George Michael doesn't like to talk about the amount of work he does for charity. In fact he doesn't like to talk about anything at all, having self-imposed a ban on media contacts three years ago. But for this single, perhaps sensing that his motives might be under suspicion, he has decided to break that habit. On Tuesday he spoke to MTV, for simultaneous screening in America and Europe.

'Everyone's got really pissed off listening to celebrities patting each other on the back saying how generous they are being,' he said in the interview. 'And they are right to. The reason I am doing this interview is to support the Phoenix Trust. It's very important these tracks get heard.'

Despite a private financial contribution to charity that reaches almost Cliff Richard levels of generosity, Michael is selective about who he supports publicly. There is no question that if any other performer had died with Aids he would have been less inclined to become so involved. 'I only met him a couple of times, but Freddie Mercury had such a profound effect on me as a child,' Michael told MTV. 'I kind of drank in everything he did.' And he dedicates the record to 'Freddie, who probably saved me from life as a waiter'.

In the end the cynics may have to withdraw.

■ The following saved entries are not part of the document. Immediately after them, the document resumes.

(* In the setting below, let $\Omega$ have the inner $\epsilon$-ball property for some $\epsilon>0$, let $0<m\le f_\mu\le M<\infty$ on $\Omega$, let $p>n$, $p\ge4$ with $M_p:=\int|x|^pd\nu<\infty$, and let $q$ satisfy $\frac1p+\frac1q=1$. Assume that $\phi_\mu$ and all $\phi_{\mu;R}$ are Hölder continuous on $\Omega$ with exponent $1-\frac np$ and a common constant $C_H$ (as holds under these assumptions by a result of Berman–Berndtsson), and that $\|\phi_{\mu;R}-\phi_\mu\|_{L^1(\Omega)}\le h(R)$ with $h(R)\to0$ as $R\to\infty$. Then there exist $R_0>0$ and $C=C(n,p,\Omega,m,M,C_H)$ such that for all $R\ge R_0$, $$\max_{x\in\Omega}|\phi_{\mu;R}(x)-\phi_\mu(x)|\le C\,h(R)^{\frac{1-n/p}{1+n/q}}.$$
   Context: Setting: $\Omega\subset\mathbb{R}^n$ compact convex with nonempty interior; $\mu$ a probability measure with density $f_\mu$, $\mathrm{spt}(\mu)=\Omega$; $\nu$ a probability measure on $\mathbb{R}^n$ with a density and finite second moment; $\nu_R(E):=\nu(E\cap B_R(0))/\nu(B_R(0))$. Cost $\frac12|x-y|^2$. $\phi_\mu$ ($\phi_{\mu;R}$) is the Brenier potential for $\mu\to\nu$ ($\mu\to\nu_R$): convex, whose gradient is the optimal transport map $\mu$-a.e.; constants fixed by $\int_\Omega\phi_\mu\,dx=\int_\Omega\phi_{\mu;R}\,dx=0$. A closed set $A$ has the inner $\epsilon$-ball property if there is a set $A'$ with $A=\bigcup_{x\in A'}\overline{B_\epsilon(x)}$. *)

theory Defs
  imports "HOL-Probability.Probability"
begin

definition measure_support :: "'a::metric_space measure \<Rightarrow> 'a set" where
  "measure_support \<mu> = {x. \<forall>e>0. emeasure \<mu> (ball x e) > 0}"

definition trunc_measure :: "'a::real_normed_vector measure \<Rightarrow> real \<Rightarrow> 'a measure" where
  "trunc_measure \<nu> R =
     scale_measure (ennreal (1 / measure \<nu> (ball 0 R))) (density \<nu> (indicator (ball 0 R)))"

definition pushes_forward :: "'a::euclidean_space measure \<Rightarrow> 'a measure \<Rightarrow> ('a \<Rightarrow> 'a) \<Rightarrow> bool" where
  "pushes_forward \<mu> \<nu> T \<longleftrightarrow> T \<in> borel_measurable \<mu> \<and> distr \<mu> borel T = \<nu>"

definition transport_cost :: "'a::euclidean_space measure \<Rightarrow> ('a \<Rightarrow> 'a) \<Rightarrow> ennreal" where
  "transport_cost \<mu> T = (\<integral>\<^sup>+ x. ennreal ((norm (x - T x))\<^sup>2 / 2) \<partial>\<mu>)"

definition optimal_map :: "'a::euclidean_space measure \<Rightarrow> 'a measure \<Rightarrow> ('a \<Rightarrow> 'a) \<Rightarrow> bool" where
  "optimal_map \<mu> \<nu> T \<longleftrightarrow> pushes_forward \<mu> \<nu> T \<and>
     (\<forall>S. pushes_forward \<mu> \<nu> S \<longrightarrow> transport_cost \<mu> T \<le> transport_cost \<mu> S)"

definition brenier_potential ::
  "'a::euclidean_space set \<Rightarrow> 'a measure \<Rightarrow> 'a measure \<Rightarrow> ('a \<Rightarrow> real) \<Rightarrow> bool" where
  "brenier_potential \<Omega> \<mu> \<nu> \<phi> \<longleftrightarrow> convex_on \<Omega> \<phi> \<and>
     (\<exists>T. optimal_map \<mu> \<nu> T \<and>
          (AE x in \<mu>. (\<phi> has_derivative (\<lambda>v. T x \<bullet> v)) (at x within \<Omega>))) \<and>
     (\<phi> has_integral 0) \<Omega>"

definition inner_ball_property :: "'a::metric_space set \<Rightarrow> real \<Rightarrow> bool" where
  "inner_ball_property A \<epsilon> \<longleftrightarrow> closed A \<and> (\<exists>A'. A = (\<Union>x\<in>A'. cball x \<epsilon>))"

end

theory Submission
  imports Defs
begin

text \<open>The difference g = \<phi>R R - \<phi> is Hoelder continuous with exponent \<alpha> = 1 - n/p and
  constant 2 max(C_H, 1). If |g x| = \<delta>, then |g| \<ge> \<delta>/2 on \<Omega> \<inter> B(x, r) for r of order \<delta>^(1/\<alpha>),
  and since \<Omega> is a convex body this set has volume at least \<kappa> r^n for small r. So the L1 norm
  of g, which is at most h R, is at least of order \<delta>^(1 + n/\<alpha>), giving
  \<delta> \<le> C (h R)^(\<alpha>/(\<alpha>+n)); and \<alpha>/(\<alpha>+n) = (1 - n/p)/(1 + n/q) because 1/p + 1/q = 1.\<close>

lemma continuous_on_compact_imp_integrable_on:
  fixes f :: "'a::euclidean_space \<Rightarrow> real"
  assumes "compact S" "continuous_on S f"
  shows "f integrable_on S"
proof -
  have "integrable lborel (\<lambda>x. indicator S x *\<^sub>R f x)"
    by (rule borel_integrable_compact[OF assms])
  then show ?thesis
    by (simp add: set_integrable_def set_borel_integral_eq_integral(1))
qed

lemma holder_imp_continuous_on:
  fixes g :: "'a::metric_space \<Rightarrow> real"
  assumes "\<alpha> > 0" "L > 0" and holder: "\<forall>x\<in>S. \<forall>y\<in>S. \<bar>g x - g y\<bar> \<le> L * dist x y powr \<alpha>"
  shows "continuous_on S g"
  unfolding continuous_on_iff
proof (intro ballI allI impI)
  fix x e assume x: "x \<in> S" and "(0::real) < e"
  define d where "d = (e / (2 * L)) powr (1 / \<alpha>)"
  have "d > 0" and d: "d powr \<alpha> = e / (2 * L)"
    using \<open>0 < e\<close> assms(1,2) by (simp_all add: d_def powr_powr)
  show "\<exists>d>0. \<forall>y\<in>S. dist y x < d \<longrightarrow> dist (g y) (g x) < e"
  proof (intro exI[of _ d] conjI ballI impI \<open>d > 0\<close>)
    fix y assume "y \<in> S" "dist y x < d"
    then have "\<bar>g y - g x\<bar> \<le> L * dist y x powr \<alpha>" using holder x by blast
    also have "\<dots> \<le> L * d powr \<alpha>"
      using \<open>dist y x < d\<close> assms(1,2) by (intro mult_left_mono powr_mono2) auto
    also have "\<dots> < e" using d \<open>0 < e\<close> assms(2) by simp
    finally show "dist (g y) (g x) < e" by (simp add: dist_real_def)
  qed
qed

text \<open>Shrinking \<Omega> towards x by the factor r/(D + s) maps an inner ball B(a, s) of \<Omega>
  into \<Omega> \<inter> cball x r, where D bounds the distance from a to \<Omega>.\<close>
lemma convex_body_measure_Int_cball_ge:
  fixes \<Omega> :: "'a::euclidean_space set"
  assumes "compact \<Omega>" "convex \<Omega>" "interior \<Omega> \<noteq> {}"
  obtains \<kappa> \<rho> where "\<kappa> > 0" "\<rho> > 0"
    "\<And>x r. x \<in> \<Omega> \<Longrightarrow> 0 < r \<Longrightarrow> r \<le> \<rho> \<Longrightarrow> \<kappa> * r ^ DIM('a) \<le> measure lebesgue (\<Omega> \<inter> cball x r)"
proof -
  obtain a s where s: "s > 0" "ball a s \<subseteq> \<Omega>"
    using assms(3) by (metis all_not_in_conv mem_interior)
  obtain D where D: "\<And>x. x \<in> \<Omega> \<Longrightarrow> dist a x \<le> D"
    using compact_imp_bounded[OF assms(1)] by (meson bounded_any_center)
  have "D \<ge> 0" using D[of a] s(1,2) centre_in_ball by (metis dist_self subset_iff)
  define \<kappa> where "\<kappa> = (s / (D + s)) ^ DIM('a) * Henstock_Kurzweil_Integration.content (ball (0::'a) 1)"
  have "\<kappa> > 0" unfolding \<kappa>_def using s \<open>D \<ge> 0\<close> by (simp add: content_ball_pos)
  moreover have "\<kappa> * r ^ DIM('a) \<le> measure lebesgue (\<Omega> \<inter> cball x r)"
    if x: "x \<in> \<Omega>" and r: "0 < r" "r \<le> D + s" for x r
  proof -
    define t where "t = r / (D + s)"
    have t: "0 < t" "t \<le> 1" using r s \<open>D \<ge> 0\<close> by (auto simp: t_def)
    define c where "c = x + t *\<^sub>R (a - x)"
    have "ball c (t * s) \<subseteq> \<Omega> \<inter> cball x r"
    proof
      fix y assume y: "y \<in> ball c (t * s)"
      define z where "z = x + (1 / t) *\<^sub>R (y - x)"
      have "z - a = (1 / t) *\<^sub>R (y - c)" using t by (simp add: z_def c_def algebra_simps)
      then have "norm (z - a) = norm (y - c) / t" using t by simp
      then have "dist a z = dist c y / t" by (simp add: dist_norm norm_minus_commute)
      then have "dist a z < s" using y t by (simp add: divide_less_eq mult.commute)
      then have "z \<in> \<Omega>" using s by auto
      moreover have "y = (1 - t) *\<^sub>R x + t *\<^sub>R z" using t by (simp add: z_def algebra_simps)
      ultimately have "y \<in> \<Omega>" using assms(2) x t by (simp add: convex_def)
      have "y - x = t *\<^sub>R (z - x)" using t by (simp add: z_def)
      then have "norm (y - x) = t * norm (z - x)" using t by simp
      then have "dist x y = t * dist x z" by (simp add: dist_norm norm_minus_commute)
      also have "\<dots> \<le> t * (dist x a + dist a z)" using t by (simp add: dist_triangle)
      also have "\<dots> \<le> t * (D + s)"
        using t D[OF x] \<open>dist a z < s\<close> by (intro mult_left_mono) (auto simp: dist_commute)
      also have "\<dots> = r" using s \<open>D \<ge> 0\<close> by (simp add: t_def)
      finally show "y \<in> \<Omega> \<inter> cball x r" using \<open>y \<in> \<Omega>\<close> by simp
    qed
    then have "measure lebesgue (ball c (t * s)) \<le> measure lebesgue (\<Omega> \<inter> cball x r)"
      by (intro measure_mono_fmeasurable) (auto intro: lmeasurable_compact compact_Int_closed assms(1))
    moreover have "measure lebesgue (ball c (t * s)) = (t * s) ^ DIM('a) * Henstock_Kurzweil_Integration.content (ball (0::'a) 1)"
      using t s content_ball_conv_unit_ball[of "t * s" c] by simp
    moreover have "\<dots> = \<kappa> * r ^ DIM('a)"
      by (simp add: \<kappa>_def t_def power_mult_distrib field_simps)
    ultimately show ?thesis by simp
  qed
  ultimately show ?thesis using that[of \<kappa> "D + s"] s \<open>D \<ge> 0\<close> by auto
qed

lemma half_value_mul_measure_le_integral:
  fixes g :: "'a::euclidean_space \<Rightarrow> real"
  assumes "compact \<Omega>" "\<alpha> > 0" "L > 0"
    and holder: "\<forall>y\<in>\<Omega>. \<forall>z\<in>\<Omega>. \<bar>g y - g z\<bar> \<le> L * dist y z powr \<alpha>"
    and "x \<in> \<Omega>" and small: "L * r powr \<alpha> \<le> \<bar>g x\<bar> / 2"
  shows "\<bar>g x\<bar> / 2 * measure lebesgue (\<Omega> \<inter> cball x r) \<le> integral \<Omega> (\<lambda>y. \<bar>g y\<bar>)"
proof -
  define K where "K = \<Omega> \<inter> cball x r"
  have "compact K" unfolding K_def using assms(1) by (intro compact_Int_closed) auto
  have cont: "continuous_on \<Omega> (\<lambda>y. \<bar>g y\<bar>)"
    using holder_imp_continuous_on[OF assms(2,3) holder] by (intro continuous_intros)
  then have int_K: "(\<lambda>y. \<bar>g y\<bar>) integrable_on K"
    by (intro continuous_on_compact_imp_integrable_on[OF \<open>compact K\<close>] continuous_on_subset[OF cont])
       (auto simp: K_def)
  have half: "\<bar>g x\<bar> / 2 \<le> \<bar>g y\<bar>" if "y \<in> K" for y
  proof -
    have "\<bar>g x - g y\<bar> \<le> L * dist x y powr \<alpha>" using holder \<open>x \<in> \<Omega>\<close> that by (auto simp: K_def)
    also have "\<dots> \<le> L * r powr \<alpha>"
      using that assms(2,3) by (intro mult_left_mono powr_mono2) (auto simp: K_def)
    finally show ?thesis using small by linarith
  qed
  have "\<bar>g x\<bar> / 2 * measure lebesgue K = integral K (\<lambda>y. \<bar>g x\<bar> / 2 * 1)"
    by (simp only: integral_mult_right lmeasure_integral[OF lmeasurable_compact[OF \<open>compact K\<close>]])
  also have "\<dots> \<le> integral K (\<lambda>y. \<bar>g y\<bar>)"
    using half
    by (intro integral_le int_K continuous_on_compact_imp_integrable_on[OF \<open>compact K\<close>]) auto
  also have "\<dots> \<le> integral \<Omega> (\<lambda>y. \<bar>g y\<bar>)"
    using int_K continuous_on_compact_imp_integrable_on[OF assms(1) cont]
    by (intro integral_subset_le) (auto simp: K_def)
  finally show ?thesis by (simp add: K_def)
qed

definition holder_L1_constant :: "real \<Rightarrow> real \<Rightarrow> real \<Rightarrow> real \<Rightarrow> real \<Rightarrow> real" where
  "holder_L1_constant \<alpha> d L \<kappa> \<rho> =
     max (2 / (\<kappa> * \<rho> powr d)) ((2 * (2 * L) powr (d / \<alpha>) / \<kappa>) powr (\<alpha> / (\<alpha> + d)))"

From what can be gathered of Michael's motives, a mix of affection, concern and charitableness appear to be driving him here, not a desire to get one over on Sony. And, in the meantime, enjoy this record. If his dispute against Sony goes the wrong way, he has threatened not to record anything new again. In future, charity might be the only thing we hear from Britain's finest pop singer.

Five Live (Parlophone: CDRS 6340) comprises 'Somebody to Love'; 'Killer / Papa Was A Rolling Stone'; 'These Are The Days Of Our Lives'; 'Calling You'

(Photograph omitted)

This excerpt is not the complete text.